Дело в том, что неофициальная культура, в первую очередь питерская, но и московская в значительной степени тоже, была построена на совершенно других принципах — и эстетических, и, если угодно, политических. Ее ненависть и презрение к совку были столь велики, что они отказывались голосовать вообще — даже против. Отсюда ответ Александра Величанского на вопрос Твардовского “Почему у вас ничего нет против культа личности?” — “Потому что я не писал в честь него”; отсюда довлатовская байка о Бродском, который, увидев шестиметровый портрет кого-то из членов Политбюро, задумчиво спросил: “Кто это? Похож на Уильяма Блейка” (подозреваю, что реальный Бродский вовсе не был таким эскапистом, но тем показательнее пример: для Довлатова, Бродского, как известно, боготворившего, символ нонконформистской культуры должен был выглядеть именно так). Впрочем, обо всем этом много раз писали, лучше всего, наверное, Ольга Седакова в знаменитом эссе “О погибшем литературном поколении — памяти Лени Губанова”, и лишний раз повторять сказанное другими особого смысла нет.
Вернемся, однако, к “новомирской” словесности. Достаточно сложно сегодня разобраться, что здесь было первично, а что вторично — критика ли транслировала литературе соответствующий заказ, или, наоборот, “литература прямого действия”, на которую сделал ставку “Новый мир”, требовала от критики обращения к инструментарию Чернышевского—Добролюбова. Это тот случай, когда следствия, независимо от породивших их причин, достаточно очевидны. Попытаюсь кратко сформулировать хотя бы основные из них.
“Новомирская” критика, по удачному выражению Сергея Чупринина, рассматривала произведение искусства “не как деформирующую действительность “метафору” жизни, а как ее “синекдоху”, где часть представительствует от имени целого”. Такой подход естественным образом привел к эстетической несовместимости этой критики с целым рядом самых значительных литературных явлений того периода.
В наиболее чистом виде это проявилось, пожалуй, в явном предпочтении — и очевидно не вынужденном, а вполне искреннем, — более или менее традиционных реалистических форм разного рода альтернативным направлениям в искусстве. Не случайно яростный борец с модернизмом Михаил Лифшиц был одним из самых почитаемых Лакшиным и другими “новомирцами” современных философов.

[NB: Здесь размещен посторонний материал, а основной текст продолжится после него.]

(* Let $a,c\in\mathbb{C}$ with $c\notin\{0,-1,-2,\dots\}$. Then for all $x\in\mathbb{C}$, $$\phi_2(a,a;c;x,-x)={}_1F_2\!\left[\begin{array}{c}a\\ \tfrac12 c,\ \tfrac12 c+\tfrac12\end{array};\frac{x^2}{4}\right]=\sum_{k=0}^\infty\frac{(a)_k}{(\tfrac12 c)_k(\tfrac12 c+\tfrac12)_k}\frac{(x^2/4)^k}{k!}.$$ In particular, if $2a\notin\{0,-1,-2,\dots\}$, then $$\phi_2(a,a;2a;x,-x)={}_0F_1\!\left[\begin{array}{c}-\\ a+\tfrac12\end{array};\frac{x^2}{4}\right]=\sum_{k=0}^\infty\frac{1}{(a+\tfrac12)_k}\frac{(x^2/4)^k}{k!}.$$
   Context: $(\lambda)_n=\Gamma(\lambda+n)/\Gamma(\lambda)$ denotes the Pochhammer symbol. Humbert's function $\phi_2$ is defined by $$\phi_2(a,b;c;x,y)=\sum_{n=0}^\infty\sum_{k=0}^\infty\frac{(a)_n(b)_k}{(c)_{n+k}}\frac{x^n y^k}{n!\,k!},$$ convergent for all $x,y\in\mathbb{C}$ when $c\notin\{0,-1,-2,\dots\}$. *)

theory Defs
  imports "HOL-Analysis.Analysis"
begin

definition phi2_term :: "complex \<Rightarrow> complex \<Rightarrow> complex \<Rightarrow> complex \<Rightarrow> complex \<Rightarrow> nat \<times> nat \<Rightarrow> complex" where
  "phi2_term a b c x y = (\<lambda>(n, k). pochhammer a n * pochhammer b k / pochhammer c (n + k)
      * x ^ n * y ^ k / (fact n * fact k))"

definition phi2 :: "complex \<Rightarrow> complex \<Rightarrow> complex \<Rightarrow> complex \<Rightarrow> complex \<Rightarrow> complex" where
  "phi2 a b c x y = infsum (phi2_term a b c x y) UNIV"

definition hyp1F2_term :: "complex \<Rightarrow> complex \<Rightarrow> complex \<Rightarrow> complex \<Rightarrow> nat \<Rightarrow> complex" where
  "hyp1F2_term a b1 b2 z k = pochhammer a k / (pochhammer b1 k * pochhammer b2 k) * z ^ k / fact k"

definition hyp0F1_term :: "complex \<Rightarrow> complex \<Rightarrow> nat \<Rightarrow> complex" where
  "hyp0F1_term b z k = 1 / pochhammer b k * z ^ k / fact k"

end

theory Submission
  imports Defs "HOL-Computational_Algebra.Formal_Power_Series" "HOL-Real_Asymp.Real_Asymp"
begin

(* Grouping the terms of phi_2(a,a;c;x,-x) along the antidiagonals n + k = N gives x^N/(c)_N
   times the N-th coefficient of (1-z)^(-a) (1+z)^(-a) = (1-z^2)^(-a), which is 0 for odd N
   and (a)_m/m! for N = 2m; the duplication formula (c)_2m = 4^m (c/2)_m (c/2+1/2)_m turns the
   even terms into those of 1F2 at x^2/4. The product identity follows from the differential
   equation (1-z^2) W' = 2az W. The regrouping is justified by |(a)_n (b)_k| <= (A)_(n+k) with
   A = max |a| |b|, which dominates the antidiagonal sums by a series summable by the ratio test.
   For c = 2a the numerator (a)_k cancels against (c/2)_k, leaving 0F1. *)

lemma fps_ode_of_coefficient_recurrence:
  fixes u :: "nat \<Rightarrow> 'a::comm_ring_1"
  assumes "\<And>n. of_nat (Suc n) * u (Suc n) = s * (a + of_nat n) * u n"
  shows "(1 - fps_const s * fps_X) * fps_deriv (Abs_fps u) = fps_const (s * a) * Abs_fps u"
proof (rule fps_ext)
  fix n
  show "fps_nth ((1 - fps_const s * fps_X) * fps_deriv (Abs_fps u)) n = fps_nth (fps_const (s * a) * Abs_fps u) n"
    using assms[of n] by (cases n) (simp_all add: algebra_simps)
qed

Логика такого предпочтения понятна. “Реальная критика”, в отличие от критики, сосредоточенной на специально эстетических вопросах, всегда ориентируется на максимально широкую аудиторию. Прямым следствием этого являлось отмечавшееся впоследствии Лакшиным тяготение “новомирцев” “к демократизму, даже в стиле, стремление говорить с читателем на равных, доступность изложения, минимум мелочной внутрилитературной полемики”. Из этой же “веры в первенствующее значение народных интересов” вырастают и попытки “проблемы собственно литературные, художественные рассматривать на фоне социальных, общенародных”.
Критик в этой системе координат выступает, по сути, как квалифицированный читатель — не менее, но и не более. Отсюда используемое Лакшиным множественное число — “мы”, подразумевающее всех других квалифицированных читателей. Отсюда фиксация сугубо читательских ощущений как основной критический прием.

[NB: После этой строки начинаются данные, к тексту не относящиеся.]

(* Let $q$ be a prime power, let $k\ge 3$ and $n=2k\le q$, and let $h=(k-1)+r$ with $1\le r\le k-2$. Let $\alpha_1,\dots,\alpha_n\in\mathbb{F}_q$ be pairwise distinct, let $G_{h,k}$ be the $k\times n$ matrix whose rows are $(\alpha_1^{e},\dots,\alpha_n^{e})$ for $e=0,1,\dots,k-2$ and $e=h$, and for $\mathbf v=(v_1,\dots,v_n)\in(\mathbb{F}_q^* )^n$ let $C_{h,\mathbf v}$ be the linear code generated by $G_{h,k}\cdot\mathrm{diag}(v_1,\dots,v_n)$. Let $u_i=\prod_{j\ne i}(\alpha_i-\alpha_j)^{-1}$ and $S_1=\alpha_1+\dots+\alpha_n$. Then there exists $\mathbf v\in(\mathbb{F}_q^* )^n$ such that $C_{h,\mathbf v}$ is self-dual if and only if $r=1$ and the following hold: (i) either all $u_i$ ($1\le i\le n$) are squares in $\mathbb{F}_q$, or all $u_i$ are non-squares in $\mathbb{F}_q$; (ii) $S_1=0$.
   Context: Convention: $0^0=1$. A linear code $C$ is self-dual if $C=C^\perp$, where $C^\perp$ is the dual with respect to the Euclidean inner product. *)

theory Defs
  imports Main
begin

text \<open>Vectors of length n over a field are functions on nat, supported on {0..<n}
  (coordinates indexed 0..n-1). A k x n matrix is a function nat => nat => 'a.\<close>

definition row_space :: "nat \<Rightarrow> nat \<Rightarrow> (nat \<Rightarrow> nat \<Rightarrow> 'a::field) \<Rightarrow> (nat \<Rightarrow> 'a) set" where
  "row_space k n M = {x. \<exists>c::nat \<Rightarrow> 'a. x = (\<lambda>j. if j < n then (\<Sum>i<k. c i * M i j) else 0)}"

Отсюда же и тот упор на реализм, о котором речь шла выше. Ибо максимально широкой аудитории нужна максимально доступная литература. А максимальная доступность как раз и обеспечивается условным “реализмом”, по сути, окончательно превратившимся к середине XX века в язык массовой культуры.
Следующее звено этой цепочки: если нереалистический текст в силу очевидности художественных достоинств покоряет критика, последний видит свою задачу прежде всего в “переводе” его на привычный язык, в описании при помощи знакомых критериев и понятий. Потому-то Лакшину так важно было доказать — кому? — реалистическую природу “Мастера и Маргариты”. Конечно, правомерно предположение, что таким образом критик защищал роман от цензуры — но не упрощает, не обедняет ли оно позицию Лакшина?
Не случайно, обращаясь к последнему булгаковскому роману, Лакшин сосредотачивает основное внимание на проблеме поведения человека в предложенных историей экстремальных обстоятельствах. Центральный предмет его анализа — этическая проблематика, взятая в ее социальных аспектах. Поэтому для предложенной критиком интерпретации Пилат оказывается, по сути, важнее всех иных персонажей “Мастера и Маргариты”. Это именно тот уровень романа, который можно рассматривать, не опасаясь предать идею демократизма в ее “новомирском” варианте.
Впрочем, речь здесь, конечно, надо вести не столько о Лакшине, сколько о пределах шестидесятнической критики как таковой, о границах ее адекватности — отчего-то можно смело предсказывать, что об Эренбурге Бенедикт Сарнов напишет хорошо, а книга его о Мандельштаме окажется неудачной. Вопрос этот на самом деле не слишком сложен, и касается он не столько языка, сколько оптики. Существуют определенные художественные системы, которые “заземленным” зрением не улавливаются, вернее, оно замечает только внешний, поверхностный слой их. Соблазнительно было бы предположить прямую зависимость этого явления от уровня сложности таких систем — но в предложенном примере важно в первую очередь не то, что Мандельштам крупнее Эренбурга; просто в лексиконе шестидесятников есть слова для описания второго, и нет таковых для характеристики первого, ибо Мандельштам “не о том”, а Эренбург “о том”.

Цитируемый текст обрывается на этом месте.